For patients who have progressive visual field loss, currently 2 general surgical approaches can be considered: CSF shunting procedures or optic nerve sheath fenestration. Several studies have shown the effectiveness of optic nerve sheath fenestration (ONSF) in improving papilledema and visual function [23]. In contrast to CSF diversion procedures, optic nerve sheath fenestration (ONSF) is less effective at reducing CSF pressure or relieving headache and is best not carried out as the primary procedure for treating intractable headache in patients with IIH [23]. Post-operative complications rates can be as high as 40% and include transient ocular motility disturbance, pupillary dysfunction and retinal vascular complications [24]. Lumboperitoneal (LP) shunt placement has emerged as the most widely performed CSF diversion procedure in patients with IIH to facilitate drainage of excess CSF. LP shunts result in rapid resolution of symptoms of elevated ICP and recent studies have shown encouraging evidence of its efficacy [25]. Ventriculoperitoneal (VP) shunts are equally effective; however most neurosurgeons prefer LP shunt because insertion of VP shunt can be a difficult task in patients with IIH with small sized ventricles [26].

In view of the significant visual morbidity, careful follow-up of patients with IIH is needed.
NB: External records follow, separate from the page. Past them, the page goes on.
(* Let $m,p,n$ be positive integers with $p\mid m$, $n>1$, $G=G(m,p,n)$, and let $\mathbf T=(T_1,\ldots,T_n)$ be a tuple of commuting contractions on a Hilbert space. Then $\boldsymbol\theta(\mathbf T)=(\theta_1(\mathbf T),\dots,\theta_n(\mathbf T))$ is a $\boldsymbol\Theta_n$-contraction if and only if $\mathbf T$ satisfies von Neumann's inequality for all $G$-invariant polynomials, i.e. $\|q(\mathbf T)\|\le\sup_{\overline{\mathbb D}^n}|q|$ for every $G$-invariant $q\in\mathbb C[z_1,\ldots,z_n]$.
   Context: Put $q_0=m/p$. $G(m,p,n)$ is the group of $n\times n$ monomial matrices whose nonzero entries are $m$-th roots of unity and whose product of nonzero entries is an $(m/p)$-th root of unity; it acts on $\mathbb C^n$ by $\sigma\cdot z=\sigma^{-1}z$, and a polynomial $q$ is $G$-invariant if $q(\sigma^{-1}\cdot z)=q(z)$ for all $\sigma\in G$. $\theta_i(z)=s_i(z_1^m,\ldots,z_n^m)$ for $1\le i\le n-1$ ($s_i$ the $i$-th elementary symmetric polynomial), $\theta_n(z)=(z_1\cdots z_n)^{q_0}$, $\boldsymbol\Theta_n=\boldsymbol\theta(\mathbb D^n)$, $\overline{\boldsymbol\Theta}_n=\boldsymbol\theta(\overline{\mathbb D}^n)$. A commuting tuple $(S_1,\dots,S_n)$ is a $\boldsymbol\Theta_n$-contraction if $\|f(S_1,\dots,S_n)\|\le\sup_{\overline{\boldsymbol\Theta}_n}|f|$ for every polynomial $f$. *)

theory Defs
  imports "HOL-Analysis.Analysis" "HOL-Library.Poly_Mapping"
begin

text \<open>A complex Hilbert space is such a space which is moreover complete.\<close>

class complex_inner = real_normed_vector +
  fixes scaleC :: "complex \<Rightarrow> 'a \<Rightarrow> 'a" (infixr \<open>*\<^sub>C\<close> 75)
    and cinner :: "'a \<Rightarrow> 'a \<Rightarrow> complex"
  assumes scaleC_of_real: "scaleC (complex_of_real r) x = scaleR r x"
    and scaleC_add_right: "scaleC a (x + y) = scaleC a x + scaleC a y"
    and scaleC_add_left: "scaleC (a + b) x = scaleC a x + scaleC b x"
    and scaleC_scaleC: "scaleC a (scaleC b x) = scaleC (a * b) x"
    and scaleC_one: "scaleC 1 x = x"
    and cinner_commute: "cinner x y = cnj (cinner y x)"
    and cinner_add_left: "cinner (x + y) z = cinner x z + cinner y z"
    and cinner_scaleC_left: "cinner (scaleC a x) y = cnj a * cinner x y"
    and cinner_self_norm: "cinner x x = complex_of_real ((norm x)\<^sup>2)"

definition bounded_clinear_op :: "('h::complex_inner \<Rightarrow> 'h) \<Rightarrow> bool" where
  "bounded_clinear_op T \<longleftrightarrow> bounded_linear T \<and> (\<forall>c x. T (c *\<^sub>C x) = c *\<^sub>C T x)"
This is best done by a team which includes neurologist, ophthalmologist and primary care physician. The frequency of such follow-up examinations should be individualized according to the patient’s severity of symptoms and signs. Newly diagnosed patients and those with visual impairment may need to be evaluated every 2 - 4 weeks until their condition is stabilized. Stable patients may be followed up every 3 - 6 months [27].


No relevant financial affiliations or conflicts of interest to disclose.